Here is the story he told of his experience Telemark skiing in and around the Ruth Glacier, near Mount McKinley on a guided trip he took to that area, before the name change to Denali, in the 80’s. This trip was taken with his beloved Telemark skis as his traveling gear and companion.The trip was guided by a couple who used to also lead trips he enjoyed in Colorado, the10th Mountain Division hut to hut skiing.
Ruth Glacier is accessible only by airplane. They were flown in from Talkeetna on a single engine bi plane with pontoon runners attached for landing on the snow. Accommodations were igloos, which kept them quite warm and out of the wind. Weather conditions at that altitude and in such a remotely located area need to be monitored so that skiers don’t get socked in due to high winds and stormy weather. Some of the days were beautiful, clear and sunny, and on these days, they could see the wind whipping 90 miles per hour nearby on Mt. McKinley in the distance, swirling in a sort of eddy of snow near the summit.

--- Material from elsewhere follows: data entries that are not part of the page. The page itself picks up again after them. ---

lemma homog_comp_chebyshev_U:
  fixes X :: "'a::comm_ring_1 poly"
  shows "(X ^ 2 - 1) * homog_comp k (chebyshev_U k) (X ^ 2 + 1) (2 * X)
           = 2 ^ k * (X ^ (2 * k + 2) - 1)"
proof (induction k rule: chebyshev_U.induct)
  case 1
  then show ?case by (simp add: power2_eq_square)
next
  case 2
  have "homog_comp 1 (chebyshev_U 1) (X ^ 2 + 1) (2 * X) = 2 * (X ^ 2 + 1)"
    using homog_comp_linear_mult[of 1 0 0 2] by (simp add: numeral_poly power2_eq_square)
  then show ?case by (simp add: algebra_simps eval_nat_numeral)
next
  case (3 k)
  define H where "H j = homog_comp j (chebyshev_U j) (X ^ 2 + 1) (2 * X)" for j
  have deg: "degree (chebyshev_U k :: 'a poly) \<le> Suc k"
    by (rule le_SucI[OF degree_chebyshev_U])
  have rec: "H (Suc (Suc k)) = 2 * (X ^ 2 + 1) * H (Suc k) - (2 * X) * ((2 * X) * H k)"
    unfolding H_def chebyshev_U.simps homog_comp_diff
    by (simp add: homog_comp_pCons_0 homog_comp_smult homog_comp_Suc deg degree_chebyshev_U numeral_poly)
  have "(X ^ 2 - 1) * H (Suc (Suc k))
      = 2 * (X ^ 2 + 1) * ((X ^ 2 - 1) * H (Suc k)) - (2 * X) * (2 * X) * ((X ^ 2 - 1) * H k)"
    unfolding rec by (simp add: algebra_simps)
  also have "\<dots> = 2 * (X ^ 2 + 1) * (2 ^ Suc k * (X ^ (2 * Suc k + 2) - 1))
      - (2 * X) * (2 * X) * (2 ^ k * (X ^ (2 * k + 2) - 1))"
    using 3 by (simp add: H_def)
  also have "\<dots> = 2 ^ Suc (Suc k) * (X ^ (2 * Suc (Suc k) + 2) - 1)"
    by (simp add: algebra_simps power_add power2_eq_square)
  finally show ?case by (simp add: H_def)
qed

lemma homog_comp_chebyshev_U_add_prev:
  fixes X :: "'a::comm_ring_1 poly"
  assumes "0 < m"
  shows "(X ^ 2 - 1) * homog_comp m (chebyshev_U m + chebyshev_U (m - 1)) (X ^ 2 + 1) (2 * X)
           = 2 ^ m * (X + 1) * (X ^ (2 * m + 1) - 1)"
proof -
  obtain j where m: "m = Suc j" using assms gr0_implies_Suc by blast
  define H where "H i = homog_comp i (chebyshev_U i) (X ^ 2 + 1) (2 * X)" for i
  have "(X ^ 2 - 1) * homog_comp m (chebyshev_U m + chebyshev_U (m - 1)) (X ^ 2 + 1) (2 * X)
      = (X ^ 2 - 1) * H (Suc j) + 2 * X * ((X ^ 2 - 1) * H j)"
    by (simp add: m H_def homog_comp_add homog_comp_Suc degree_chebyshev_U algebra_simps)
  also have "\<dots> = 2 ^ Suc j * (X ^ (2 * Suc j + 2) - 1) + 2 * X * (2 ^ j * (X ^ (2 * j + 2) - 1))"
    by (simp only: H_def homog_comp_chebyshev_U)
  also have "\<dots> = 2 ^ m * (X + 1) * (X ^ (2 * m + 1) - 1)"
    by (simp add: m algebra_simps power_add power2_eq_square)
  finally show ?thesis .
qed

lemma smult_power_two: "smult (2 ^ m) p = 2 ^ m * (p :: 'a::comm_ring_1 poly)"
proof -
  have "smult (2 ^ m) p = [:2:] ^ m * p" by (simp add: poly_const_pow)
  then show ?thesis by (simp add: numeral_poly)
qed

lemma homog_comp_X_minus_1_power:
  fixes X :: "'a::comm_ring_1 poly"
  shows "(X ^ 2 - 1) * homog_comp m (smult (2 ^ m) ([:-1, 1:] ^ m)) (X ^ 2 + 1) (2 * X)
           = 2 ^ m * (X + 1) * (X - 1) ^ (2 * m + 1)"
proof -
  have "homog_comp m ([:-1, 1:] ^ m) (X ^ 2 + 1) (2 * X) = ((X - 1) ^ 2) ^ m"
    using homog_comp_linear_power[where k = m and c = "-1" and d = 1 and a = "X ^ 2 + 1" and b = "2 * X"]
    by (simp add: power2_eq_square algebra_simps)
  then have "homog_comp m (smult (2 ^ m) ([:-1, 1:] ^ m)) (X ^ 2 + 1) (2 * X) = 2 ^ m * (X - 1) ^ (2 * m)"
    unfolding homog_comp_smult by (simp only: smult_power_two power_mult)
  then show ?thesis
    by (simp add: power2_eq_square algebra_simps)
qed

lemma chebyshev_U_add_prev_eq_power:
  fixes m n :: nat
  assumes "prime CHAR('a::field)" and "(2::'a) \<noteq> 0" and "2 * m + 1 = CHAR('a) ^ n" and "0 < m"
  shows "chebyshev_U m + chebyshev_U (m - 1) = smult (2 ^ m) ([:-1, 1:] ^ m :: 'a poly)"
    (is "?W = ?L")
proof -
  define X :: "'a poly" where "X = [:0, 1:]"
  have "(X + (-1)) ^ (2 * m + 1) = X ^ (2 * m + 1) + (-1) ^ (2 * m + 1)"
    by (rule freshmans_dream') (use assms(1,3) in simp_all)
  then have "(X - 1) ^ (2 * m + 1) = X ^ (2 * m + 1) - 1"
    by simp
  then have "(X ^ 2 - 1) * homog_comp m ?L (X ^ 2 + 1) (2 * X)
      = (X ^ 2 - 1) * homog_comp m ?W (X ^ 2 + 1) (2 * X)"
    by (simp only: homog_comp_X_minus_1_power homog_comp_chebyshev_U_add_prev[OF assms(4)])
  moreover have "X ^ 2 - 1 \<noteq> 0"
  proof
    assume "X ^ 2 - 1 = 0"
    then have "poly (X ^ 2 - 1) 0 = 0" by simp
    then show False by (simp add: X_def)
  qed
  ultimately have "homog_comp m ?W (X ^ 2 + 1) (2 * X) = homog_comp m ?L (X ^ 2 + 1) (2 * X)"
    by simp
  moreover have "degree (2 * X) < degree (X ^ 2 + 1)" and "2 * X \<noteq> 0"
    using assms(2) by (simp_all add: X_def numeral_poly degree_add_eq_left degree_power_eq)
  moreover have "degree ?W \<le> m"
    using degree_chebyshev_U[of m] degree_chebyshev_U[of "m - 1"] degree_add_le
    by (metis diff_le_self le_trans)
  moreover have "degree ?L \<le> m"
    using degree_power_le[of "[:-1, 1 :: 'a:]" m] by simp
  ultimately show ?thesis
    by (rule homog_comp_inject[rotated -1])
qed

After the skiers exited the plane, and got their gear together, they were roped together as they made their way up to the camp. This was so that if someone fell into a crevasse they would be able to be rescued and pulled out. There are also other kinds of special equipment used like a ski pole with a radar or beep that could be activated if you got buried in an avalanche – another risk of the area. It was very typical to hear avalanches swooshing down the slopes in the distance. You also had to be careful about not poking your skis into the snow in certain places, moving carefully, so that you would not open into a crevasse. So, they skinned and skied up the route to where the camp was, with its igloos waiting. And of course, lots of fresh powder snow and long, lazy slopes for excellent Telemark skiing conditions! Camaraderie, I’m sure was there to be had as well, and lots of good food, spirits and stories shared in the evenings!
At one point, as they were skiing along, roped together, an avalanche let loose that was a bit closer than what they had previously experienced, rumbling like thunder as tons of snow slid down the mountain. Though this avalanche began rather close to them, it was not close enough to be a big danger; their guides advised that while it was still safe enough, they should quickly move back about 100 feet or so to stay safe. People were snapping pictures as they did so, and Dad has a slide of this as well. As the avalanche thundered down, it lost momentum and finally stopped so near to the party that the force of its ending point sent up a cloud of its own snow that enveloped them with a shower of lightly falling snow that settled down around them.
What a moment that must have been!
On the day near time to leave, one of those winter storms came up on the radar, and it was not the best. Bad weather was moving in. The plane was radioed to come pick them up. For some reason, I’m not sure why, there was only room for 9 people on this plane, and there were 10 people in the group. Someone needed to stay behind to wait until the plane could return, as soon as it could, to pick that last person up. Dad volunteered to be that person for reasons of his own, and was left with some food and told to wait in the igloo for the plane to come back. How lonely and quiet it must have been inside that igloo, listening to the wind whistling past in ever-increasing velocity as the storm amassed in intensity, growing closer. No sun shining that day! And so quiet, being alone in that remote, inhospitable place as day drew closer to dusk and then into night. When Dad heard the motoring sound of the plane’s engine coming in the distance, he heaved a sigh of relief. I’m sure he smiled and looked out at that approaching plane with a much lighter heart!
And that is the story of Dad’s McKinley experience, high up along the Ruth Glacier, in Alaska.